In the near term, we’ll be moving to Washington D.C. We leave on March 18 for a road trip across America. After some training in DC (6 months to a year depending on language), we’ll head to another part of the world. I’ve agreed to serve anywhere my country requires, and I don’t have any indication about where that’ll be; other than the fact that it’ll be somewhere with a U.S. Embassy.

The mission of a U.S. diplomat in the Foreign Service is to promote peace, support prosperity, and protect American citizens while advancing the interests of the U.S. abroad. I’ll do economic diplomacy, advocating on behalf of US companies and US interests. My policy portfolio will probably include areas like trade treaties, energy policy, health, science, and technology policy, and other random bilateral and multilateral policy areas that don’t fit cleanly into other categories.

If you want to read a bunch of stories about exactly what US Diplomats do, check out America’s Other Army: https://amzn.to/2vcTEXK. Another really good, systematic approach to the topic can be read here: https://amzn.to/2VrFTjQ. If you want the movie version, see this recent documentary: https://www.youtube.com/watch?v=QK_yRCrwp04. If blogs are your thing, here are a bunch of them: http://afsa.org/foreign-service-blogs.
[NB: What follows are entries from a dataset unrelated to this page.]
lemma half_power_powr: "((1/2::real) ^ i) powr \<eta> = ((1/2) powr \<eta>) ^ i"
proof -
  have "((1/2::real) ^ i) powr \<eta> = ((1/2) powr real i) powr \<eta>"
    by (simp add: powr_realpow)
  also have "\<dots> = ((1/2) powr \<eta>) powr real i"
    by (simp add: powr_powr mult.commute)
  also have "\<dots> = ((1/2) powr \<eta>) ^ i"
    by (simp add: powr_realpow)
  finally show ?thesis .
qed

lemma covering_radius_cost_le:
  fixes c d \<delta> s \<eta> :: real
  assumes "0 \<le> d" "d \<le> \<delta>" "\<delta> \<le> 1" "0 < c" "0 < \<delta>" "0 < \<eta>"
    and r: "r = (if 0 < d then d else \<delta> * (1/2) ^ i)"
  shows "ennreal (c * r powr (s + \<eta>))
    \<le> ennreal (c * \<delta> powr \<eta>) * (hpow d s + ennreal (((1/2) powr \<eta>) ^ i))"
proof -
  consider "0 < d" | "d = 0" "0 \<le> s" | "d = 0" "s < 0"
    using assms(1) by linarith
  then show ?thesis
  proof cases
    case 1
    have "c * d powr (s + \<eta>) = c * d powr \<eta> * d powr s"
      by (simp add: powr_add)
    also have "\<dots> \<le> c * \<delta> powr \<eta> * d powr s"
      using 1 assms by (intro mult_right_mono mult_left_mono powr_mono2) auto
    finally have "ennreal (c * r powr (s + \<eta>)) \<le> ennreal (c * \<delta> powr \<eta>) * hpow d s"
      using 1 assms by (simp add: r hpow_def ennreal_mult[symmetric] ennreal_leI)
    also have "\<dots> \<le> ennreal (c * \<delta> powr \<eta>) * (hpow d s + ennreal (((1/2) powr \<eta>) ^ i))"
      by (intro mult_left_mono) auto
    finally show ?thesis .
  next
    case 2
    then have r: "r = \<delta> * (1/2) ^ i"
      by (simp add: r)
    have "0 < r" "r \<le> 1"
      using assms by (auto simp: r intro!: mult_le_one power_le_one)
    have "c * r powr (s + \<eta>) = c * (r powr s * r powr \<eta>)"
      by (simp add: powr_add)
    also have "\<dots> \<le> c * (1 * r powr \<eta>)"
      using 2 \<open>0 < r\<close> \<open>r \<le> 1\<close> \<open>0 < c\<close>
      by (intro mult_left_mono mult_right_mono powr_le1) auto
    also have "\<dots> = c * \<delta> powr \<eta> * ((1/2) powr \<eta>) ^ i"
      using \<open>0 < \<delta>\<close> by (simp add: r powr_mult half_power_powr)
    finally have "ennreal (c * r powr (s + \<eta>)) \<le> ennreal (c * \<delta> powr \<eta>) * ennreal (((1/2) powr \<eta>) ^ i)"
      using \<open>0 < c\<close> by (simp add: ennreal_mult[symmetric] ennreal_leI)
    also have "\<dots> \<le> ennreal (c * \<delta> powr \<eta>) * (hpow d s + ennreal (((1/2) powr \<eta>) ^ i))"
      by (intro mult_left_mono) auto
    finally show ?thesis .
  next
    case 3
    then show ?thesis
      using assms by (simp add: hpow_def ennreal_mult_top)
  qed
qed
We’ll be wrapping up everything in our lives in California over the next three weeks. We are selling a LOT of stuff (including two vehicles) at several garage sales and online. In the meantime, we’re also trying to connect with many of the people we love and see in our California lives. If you’re in Central California, we’d be happy to hang out (if time permits). If we don’t see you, it’s only because time is finite, while our love for you is less so.

Thanks to those of you who have supported us on this journey so far! We began the application process in 2013, so your patience with us has been long.

Prayers, of course, are appreciated!